CPT code 28088 is used to describe the excision of a foot tendon sheath, detailing a specific surgical procedure for billing and documentation.
CPT code 28088 is used to describe the surgical procedure of excising or removing a tendon sheath in the foot. This procedure typically involves the removal of the sheath surrounding a tendon to alleviate issues such as inflammation, infection, or other conditions affecting the tendon. It is often performed to improve function and reduce pain in the affected area.
When billing for the CPT code 28088, which pertains to the excision of a foot tendon sheath, several modifiers may be applicable depending on the specific circumstances of the procedure. Below is a list of potential modifiers that could be used with this code, along with the reasons for their use:
1. Modifier 50 - Bilateral Procedure
Used when the procedure is performed on both feet.
2. Modifier 51 - Multiple Procedures
Indicates that multiple procedures were performed during the same session.
3. Modifier 59 - Distinct Procedural Service
Used to indicate that the procedure is distinct or independent from other services performed on the same day.
4. Modifier 76 - Repeat Procedure by Same Physician
Applied when the same procedure is performed more than once by the same physician on the same day.
5. Modifier 78 - Unplanned Return to the Operating/Procedure Room
Indicates that a patient returned to the operating room for a related procedure during the postoperative period.
6. Modifier 79 - Unrelated Procedure or Service by the Same Physician During the Postoperative Period
Used when a procedure is performed that is unrelated to the original procedure during the postoperative period.
7. Modifier LT - Left Side
Specifies that the procedure was performed on the left foot.
8. Modifier RT - Right Side
Specifies that the procedure was performed on the right foot.
9. Modifier AS - Physician Assistant, Nurse Practitioner, or Clinical Nurse Specialist Services
Indicates that the service was performed by a non-physician practitioner.
10. Modifier 22 - Increased Procedural Services
Used when the work required to provide a service is substantially greater than typically required.
It is essential to select the appropriate modifier(s) based on the specific circumstances of the procedure to ensure accurate billing and compliance with payer requirements.
Determining whether CPT code 28088 is reimbursed by Medicare involves consulting the Medicare Physician Fee Schedule (MPFS) and the guidelines set forth by your regional Medicare Administrative Contractor (MAC). The MPFS provides a comprehensive list of services covered by Medicare, along with the corresponding reimbursement rates.

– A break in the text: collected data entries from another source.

text \<open>With \<open>u = f'/f\<close> the equation reads \<open>3u + y u' = 0\<close>, forcing \<open>u = c y\<^sup>-\<^sup>3\<close>; but a
  logarithmic derivative has no terms below \<open>y\<^sup>-\<^sup>1\<close>.\<close>
lemma fls_deriv_eq_0_if_ode:
  fixes f :: "complex fls"
  assumes f: "f \<noteq> 0"
    and E: "f * (3 * fls_X^5 * fls_deriv f + fls_X^6 * fls_deriv (fls_deriv f)) = fls_X^6 * (fls_deriv f)^2"
  shows "fls_deriv f = 0"
proof -
  define u where "u = fls_deriv f / f"
  have d1: "fls_deriv f = u * f" using f by (simp add: u_def)
  hence "fls_deriv (fls_deriv f) = u * (u * f) + fls_deriv u * f" by (simp add: algebra_simps)
  hence "fls_X^5 * f^2 * (3 * u + fls_X * fls_deriv u) = 0"
    using E d1 by (simp add: algebra_simps power2_eq_square numeral_eq_Suc)
  hence U: "3 * u + fls_X * fls_deriv u = 0" using f by simp
  have "u $$ n = 0" for n
  proof (cases "n = -3")
    case False
    have "(3 * u + fls_X * fls_deriv u) $$ n = 0" using U by simp
    hence "of_int (3 + n) * u $$ n = 0" by (simp add: fls_X_times_nth algebra_simps)
    moreover have "(of_int (3 + n) :: complex) \<noteq> 0"
      using False by (simp only: of_int_eq_0_iff)
    ultimately show ?thesis by simp
  qed (simp add: u_def fls_log_deriv_nth_below f)
  hence "u = 0" by (intro fls_eqI) simp
  thus ?thesis using d1 by simp
qed

lemma Epoly_nth_1:
  assumes A: "xord_ge A 0"
  shows "Epoly K P p2 A $$ 1 = 3 * Wpoly K $$ 1 *
    (A $$ 0 * Dnum K P (Dnum K P A) $$ 0 - Dnum K P A $$ 0 * Dnum K P A $$ 0)"
proof -
  define W a aa w where "W = Wpoly K" and "a = Dnum K P A" and "aa = Dnum K P a"
    and "w = Dnum K P W"
  have W: "xord_ge W 1" and w: "xord_ge w 2" and a: "xord_ge a 0" and aa: "xord_ge aa 0"
    using A by (simp_all add: W_def w_def a_def aa_def xord_ge_Wpoly xord_ge_Dnum_Wpoly xord_ge_Dnum)
  have "Epoly K P p2 A = 3 * (A * (W * aa) - A * (a * w) - W * (a * a))
      + 16 * cst p2 * (A^3 - 1) * (W * W)"
    by (simp add: Epoly_def W_def a_def aa_def w_def algebra_simps power2_eq_square)
  hence "Epoly K P p2 A $$ 1 = 3 * ((A * (W * aa)) $$ 1 - (A * (a * w)) $$ 1 - (W * (a * a)) $$ 1)
      + (16 * cst p2 * (A^3 - 1) * (W * W)) $$ 1"
    by simp
  moreover have "(A * (W * aa)) $$ (0 + (1 + 0)) = A $$ 0 * (W $$ 1 * aa $$ 0)"
    using xord_ge_mult_nth[OF A xord_ge_mult_add[OF W aa]] xord_ge_mult_nth[OF W aa] by simp
  moreover have "(W * (a * a)) $$ (1 + (0 + 0)) = W $$ 1 * (a $$ 0 * a $$ 0)"
    using xord_ge_mult_nth[OF W xord_ge_mult_add[OF a a]] xord_ge_mult_nth[OF a a] by simp
  moreover have "(A * (a * w)) $$ 1 = 0"
    using xord_ge_mult_add[OF A xord_ge_mult_add[OF a w]] by (simp add: xord_ge_def)
  moreover have "xord_ge (16 * cst p2 * (A^3 - 1) * (W * W)) (0 + 0 + 0 + (1 + 1))"
    by (intro xord_ge_mult_add xord_ge_diff xord_ge_power A W) simp_all
  ultimately show ?thesis by (simp add: xord_ge_def W_def a_def aa_def) (simp add: algebra_simps)
qed

lemma lead_op_0: "lead_op 0 h = - (fls_X^3 * fls_deriv h)"
  by (simp add: lead_op_def algebra_simps numeral_eq_Suc)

To ascertain if CPT code 28088 is reimbursed, you should first check the MPFS database. This can be done through the Centers for Medicare & Medicaid Services (CMS) website, where you can search for the specific CPT code and review its status. Additionally, your regional MAC may have specific guidelines or policies that could affect reimbursement for this code. MACs are responsible for processing Medicare claims and can provide more localized information regarding coverage and payment.
In summary, to determine if CPT code 28088 is reimbursed by Medicare, consult the MPFS and verify any additional guidelines from your regional MAC.